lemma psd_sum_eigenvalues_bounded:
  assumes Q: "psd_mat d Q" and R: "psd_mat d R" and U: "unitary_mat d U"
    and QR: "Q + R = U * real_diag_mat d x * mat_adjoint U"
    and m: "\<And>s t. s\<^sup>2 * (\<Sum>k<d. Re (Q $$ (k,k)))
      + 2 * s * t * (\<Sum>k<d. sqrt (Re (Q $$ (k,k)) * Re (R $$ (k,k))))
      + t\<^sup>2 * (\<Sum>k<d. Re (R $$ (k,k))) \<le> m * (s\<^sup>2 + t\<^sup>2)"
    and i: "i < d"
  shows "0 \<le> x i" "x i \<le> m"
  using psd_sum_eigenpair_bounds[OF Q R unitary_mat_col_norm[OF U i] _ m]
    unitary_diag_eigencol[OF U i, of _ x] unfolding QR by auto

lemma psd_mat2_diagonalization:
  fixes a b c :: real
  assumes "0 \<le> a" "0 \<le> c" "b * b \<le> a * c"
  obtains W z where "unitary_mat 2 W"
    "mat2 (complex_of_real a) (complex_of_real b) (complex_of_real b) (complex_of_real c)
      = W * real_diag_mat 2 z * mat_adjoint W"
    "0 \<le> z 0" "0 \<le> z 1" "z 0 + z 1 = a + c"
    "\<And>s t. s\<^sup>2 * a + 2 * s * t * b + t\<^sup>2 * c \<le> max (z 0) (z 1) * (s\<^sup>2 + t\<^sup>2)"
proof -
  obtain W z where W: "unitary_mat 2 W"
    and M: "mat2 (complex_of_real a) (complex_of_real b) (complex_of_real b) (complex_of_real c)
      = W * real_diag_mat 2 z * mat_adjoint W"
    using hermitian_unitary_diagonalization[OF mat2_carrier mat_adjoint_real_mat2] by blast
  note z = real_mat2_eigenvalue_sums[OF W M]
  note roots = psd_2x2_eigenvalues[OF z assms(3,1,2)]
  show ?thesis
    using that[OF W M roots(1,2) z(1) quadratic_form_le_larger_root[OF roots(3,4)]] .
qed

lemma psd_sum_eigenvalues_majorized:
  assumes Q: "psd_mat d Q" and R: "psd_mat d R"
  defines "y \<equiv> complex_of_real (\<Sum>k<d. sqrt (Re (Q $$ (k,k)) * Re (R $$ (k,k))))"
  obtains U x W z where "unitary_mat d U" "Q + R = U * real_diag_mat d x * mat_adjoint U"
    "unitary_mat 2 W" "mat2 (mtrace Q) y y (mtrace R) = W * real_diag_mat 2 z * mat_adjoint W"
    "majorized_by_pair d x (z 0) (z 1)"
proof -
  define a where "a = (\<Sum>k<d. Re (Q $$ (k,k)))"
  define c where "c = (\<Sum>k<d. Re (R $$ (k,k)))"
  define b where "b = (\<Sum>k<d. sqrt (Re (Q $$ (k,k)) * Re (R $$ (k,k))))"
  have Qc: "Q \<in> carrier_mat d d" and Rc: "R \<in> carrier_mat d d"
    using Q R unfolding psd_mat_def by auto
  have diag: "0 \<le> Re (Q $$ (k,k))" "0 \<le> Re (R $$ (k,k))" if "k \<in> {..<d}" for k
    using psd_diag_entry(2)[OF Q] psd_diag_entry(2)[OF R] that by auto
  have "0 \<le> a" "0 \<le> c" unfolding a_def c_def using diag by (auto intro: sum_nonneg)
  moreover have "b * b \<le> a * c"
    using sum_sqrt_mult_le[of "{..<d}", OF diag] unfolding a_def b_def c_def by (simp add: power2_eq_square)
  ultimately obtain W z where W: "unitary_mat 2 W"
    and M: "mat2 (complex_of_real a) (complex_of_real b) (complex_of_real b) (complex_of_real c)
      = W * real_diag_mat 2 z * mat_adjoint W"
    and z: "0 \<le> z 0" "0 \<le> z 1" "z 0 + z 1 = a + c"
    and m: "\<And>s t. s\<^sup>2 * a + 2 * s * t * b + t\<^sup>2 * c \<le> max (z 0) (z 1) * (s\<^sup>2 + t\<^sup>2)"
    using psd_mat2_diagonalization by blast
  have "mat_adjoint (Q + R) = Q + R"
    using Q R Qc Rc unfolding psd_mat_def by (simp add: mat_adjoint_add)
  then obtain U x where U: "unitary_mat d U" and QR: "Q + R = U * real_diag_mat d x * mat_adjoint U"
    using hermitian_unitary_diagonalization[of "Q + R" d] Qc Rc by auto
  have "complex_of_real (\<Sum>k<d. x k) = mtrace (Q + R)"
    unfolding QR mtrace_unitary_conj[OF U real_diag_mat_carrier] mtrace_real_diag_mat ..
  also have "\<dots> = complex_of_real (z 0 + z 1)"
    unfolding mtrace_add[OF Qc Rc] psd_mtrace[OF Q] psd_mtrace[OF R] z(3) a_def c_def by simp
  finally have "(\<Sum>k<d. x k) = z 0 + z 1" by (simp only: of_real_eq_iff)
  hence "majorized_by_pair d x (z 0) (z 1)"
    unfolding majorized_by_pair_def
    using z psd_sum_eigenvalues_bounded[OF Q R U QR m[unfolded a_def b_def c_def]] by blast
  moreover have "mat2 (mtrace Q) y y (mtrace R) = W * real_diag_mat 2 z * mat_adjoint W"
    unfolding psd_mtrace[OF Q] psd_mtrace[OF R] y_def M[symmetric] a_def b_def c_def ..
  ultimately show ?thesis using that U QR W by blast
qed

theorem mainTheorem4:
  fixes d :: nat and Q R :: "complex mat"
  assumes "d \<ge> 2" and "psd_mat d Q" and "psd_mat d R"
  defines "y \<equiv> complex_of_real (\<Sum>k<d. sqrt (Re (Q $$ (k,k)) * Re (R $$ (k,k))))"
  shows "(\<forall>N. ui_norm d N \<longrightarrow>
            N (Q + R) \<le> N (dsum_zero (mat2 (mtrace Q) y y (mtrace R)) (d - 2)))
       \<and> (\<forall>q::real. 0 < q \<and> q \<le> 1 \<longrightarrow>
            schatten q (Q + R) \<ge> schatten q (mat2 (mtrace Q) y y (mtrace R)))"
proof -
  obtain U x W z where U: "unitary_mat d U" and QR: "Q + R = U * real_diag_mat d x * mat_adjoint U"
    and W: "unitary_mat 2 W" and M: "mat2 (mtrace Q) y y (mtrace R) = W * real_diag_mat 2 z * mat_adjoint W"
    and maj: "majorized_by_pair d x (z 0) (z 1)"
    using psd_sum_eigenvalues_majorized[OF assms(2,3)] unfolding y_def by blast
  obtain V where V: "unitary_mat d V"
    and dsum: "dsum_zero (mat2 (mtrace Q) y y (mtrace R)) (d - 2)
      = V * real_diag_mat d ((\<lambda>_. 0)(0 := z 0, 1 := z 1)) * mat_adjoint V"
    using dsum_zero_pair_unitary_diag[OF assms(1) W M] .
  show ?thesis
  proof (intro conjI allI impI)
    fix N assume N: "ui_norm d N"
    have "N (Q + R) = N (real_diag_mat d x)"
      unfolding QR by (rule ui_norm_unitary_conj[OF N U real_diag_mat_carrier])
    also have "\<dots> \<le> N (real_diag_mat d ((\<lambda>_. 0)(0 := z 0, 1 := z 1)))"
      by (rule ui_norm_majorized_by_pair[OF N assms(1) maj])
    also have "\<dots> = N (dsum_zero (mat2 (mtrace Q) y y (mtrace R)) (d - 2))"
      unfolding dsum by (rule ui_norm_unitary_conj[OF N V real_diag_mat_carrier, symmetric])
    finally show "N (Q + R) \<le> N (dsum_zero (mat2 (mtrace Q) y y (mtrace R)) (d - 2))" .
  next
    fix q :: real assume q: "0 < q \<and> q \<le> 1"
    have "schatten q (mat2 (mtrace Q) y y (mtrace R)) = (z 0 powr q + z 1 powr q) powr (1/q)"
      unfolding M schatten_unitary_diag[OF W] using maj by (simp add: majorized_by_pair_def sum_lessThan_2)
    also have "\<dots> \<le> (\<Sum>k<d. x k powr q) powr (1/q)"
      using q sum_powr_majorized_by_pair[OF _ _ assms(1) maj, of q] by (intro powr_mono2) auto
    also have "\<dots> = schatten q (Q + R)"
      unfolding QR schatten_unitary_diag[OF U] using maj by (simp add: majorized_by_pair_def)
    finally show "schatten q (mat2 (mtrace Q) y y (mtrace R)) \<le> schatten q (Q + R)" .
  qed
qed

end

####

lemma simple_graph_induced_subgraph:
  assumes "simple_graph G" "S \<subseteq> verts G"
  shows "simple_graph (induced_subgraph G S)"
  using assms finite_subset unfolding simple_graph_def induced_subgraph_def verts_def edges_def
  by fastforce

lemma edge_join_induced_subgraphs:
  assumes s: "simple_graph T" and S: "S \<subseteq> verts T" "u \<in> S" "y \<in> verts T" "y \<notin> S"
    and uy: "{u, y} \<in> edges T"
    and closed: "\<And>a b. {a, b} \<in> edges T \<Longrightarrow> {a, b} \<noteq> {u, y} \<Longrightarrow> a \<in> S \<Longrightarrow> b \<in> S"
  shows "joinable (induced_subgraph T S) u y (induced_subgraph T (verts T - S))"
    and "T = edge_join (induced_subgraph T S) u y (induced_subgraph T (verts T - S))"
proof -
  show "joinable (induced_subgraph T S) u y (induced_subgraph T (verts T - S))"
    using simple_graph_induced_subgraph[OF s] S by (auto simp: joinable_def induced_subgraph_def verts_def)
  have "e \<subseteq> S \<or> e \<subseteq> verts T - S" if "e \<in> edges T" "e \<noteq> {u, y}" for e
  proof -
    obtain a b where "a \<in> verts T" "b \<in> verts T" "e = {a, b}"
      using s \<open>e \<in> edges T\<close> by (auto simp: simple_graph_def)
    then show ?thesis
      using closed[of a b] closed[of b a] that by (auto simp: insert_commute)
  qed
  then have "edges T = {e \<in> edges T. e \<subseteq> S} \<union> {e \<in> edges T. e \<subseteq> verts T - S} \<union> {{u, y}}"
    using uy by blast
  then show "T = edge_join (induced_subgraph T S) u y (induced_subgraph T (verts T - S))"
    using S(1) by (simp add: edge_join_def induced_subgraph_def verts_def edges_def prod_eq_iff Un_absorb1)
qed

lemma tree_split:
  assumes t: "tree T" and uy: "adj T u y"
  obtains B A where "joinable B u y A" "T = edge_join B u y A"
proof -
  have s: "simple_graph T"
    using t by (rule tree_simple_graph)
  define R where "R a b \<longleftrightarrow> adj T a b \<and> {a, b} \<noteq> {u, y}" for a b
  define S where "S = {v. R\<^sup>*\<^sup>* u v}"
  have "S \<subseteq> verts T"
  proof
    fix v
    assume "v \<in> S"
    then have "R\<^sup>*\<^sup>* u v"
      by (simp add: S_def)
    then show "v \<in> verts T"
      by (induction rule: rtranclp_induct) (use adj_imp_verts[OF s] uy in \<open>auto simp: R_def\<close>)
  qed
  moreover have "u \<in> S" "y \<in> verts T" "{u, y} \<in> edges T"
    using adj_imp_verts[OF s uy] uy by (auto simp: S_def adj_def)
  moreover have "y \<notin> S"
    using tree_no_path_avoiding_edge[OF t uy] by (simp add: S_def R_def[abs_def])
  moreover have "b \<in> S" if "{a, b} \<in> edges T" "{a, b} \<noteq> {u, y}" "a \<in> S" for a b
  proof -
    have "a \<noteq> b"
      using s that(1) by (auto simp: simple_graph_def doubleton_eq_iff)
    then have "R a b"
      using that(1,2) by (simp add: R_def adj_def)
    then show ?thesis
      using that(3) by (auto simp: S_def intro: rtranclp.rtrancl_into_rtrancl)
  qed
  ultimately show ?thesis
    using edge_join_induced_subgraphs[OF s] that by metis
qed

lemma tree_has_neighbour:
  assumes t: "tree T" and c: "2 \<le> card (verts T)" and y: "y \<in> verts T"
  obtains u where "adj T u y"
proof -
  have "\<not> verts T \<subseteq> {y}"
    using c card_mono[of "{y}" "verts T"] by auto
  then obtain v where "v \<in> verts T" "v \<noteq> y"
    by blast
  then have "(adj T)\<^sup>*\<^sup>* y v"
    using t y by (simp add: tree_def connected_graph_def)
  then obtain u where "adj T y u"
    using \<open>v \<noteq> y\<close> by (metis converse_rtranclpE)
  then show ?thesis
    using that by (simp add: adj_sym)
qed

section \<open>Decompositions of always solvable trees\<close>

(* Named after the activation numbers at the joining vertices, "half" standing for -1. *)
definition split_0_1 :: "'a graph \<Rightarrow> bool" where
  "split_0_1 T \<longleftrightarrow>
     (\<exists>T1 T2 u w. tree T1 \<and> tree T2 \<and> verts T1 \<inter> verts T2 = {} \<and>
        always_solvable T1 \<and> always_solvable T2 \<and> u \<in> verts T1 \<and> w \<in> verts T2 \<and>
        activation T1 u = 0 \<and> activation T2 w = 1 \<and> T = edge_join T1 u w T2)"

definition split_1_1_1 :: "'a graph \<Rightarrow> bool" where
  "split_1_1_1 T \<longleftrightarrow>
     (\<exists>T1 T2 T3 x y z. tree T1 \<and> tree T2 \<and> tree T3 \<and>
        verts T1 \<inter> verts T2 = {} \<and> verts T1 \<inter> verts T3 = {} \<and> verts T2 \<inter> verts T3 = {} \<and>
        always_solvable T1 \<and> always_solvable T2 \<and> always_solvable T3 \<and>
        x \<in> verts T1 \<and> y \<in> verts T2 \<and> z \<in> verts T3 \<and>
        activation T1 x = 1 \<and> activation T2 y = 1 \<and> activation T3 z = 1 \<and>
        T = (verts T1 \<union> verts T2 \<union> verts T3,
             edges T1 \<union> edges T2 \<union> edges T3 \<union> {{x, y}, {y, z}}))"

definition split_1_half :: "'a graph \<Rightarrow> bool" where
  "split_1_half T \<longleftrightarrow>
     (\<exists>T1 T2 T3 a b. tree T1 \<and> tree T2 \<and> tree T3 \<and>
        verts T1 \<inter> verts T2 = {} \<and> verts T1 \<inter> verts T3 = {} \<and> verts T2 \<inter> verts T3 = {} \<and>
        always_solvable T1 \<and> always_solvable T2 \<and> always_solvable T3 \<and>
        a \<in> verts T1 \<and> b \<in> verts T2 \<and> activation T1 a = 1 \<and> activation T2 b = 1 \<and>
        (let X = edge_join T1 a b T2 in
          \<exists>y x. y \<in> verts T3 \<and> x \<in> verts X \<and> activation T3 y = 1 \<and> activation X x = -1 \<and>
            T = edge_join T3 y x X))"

####

### Your goal
Sift through the material above and copy each line that holds "definition".

### Result for this exercise
definition split_0_1 :: "'a graph \<Rightarrow> bool" where
definition split_1_1_1 :: "'a graph \<Rightarrow> bool" where
definition split_1_half :: "'a graph \<Rightarrow> bool" where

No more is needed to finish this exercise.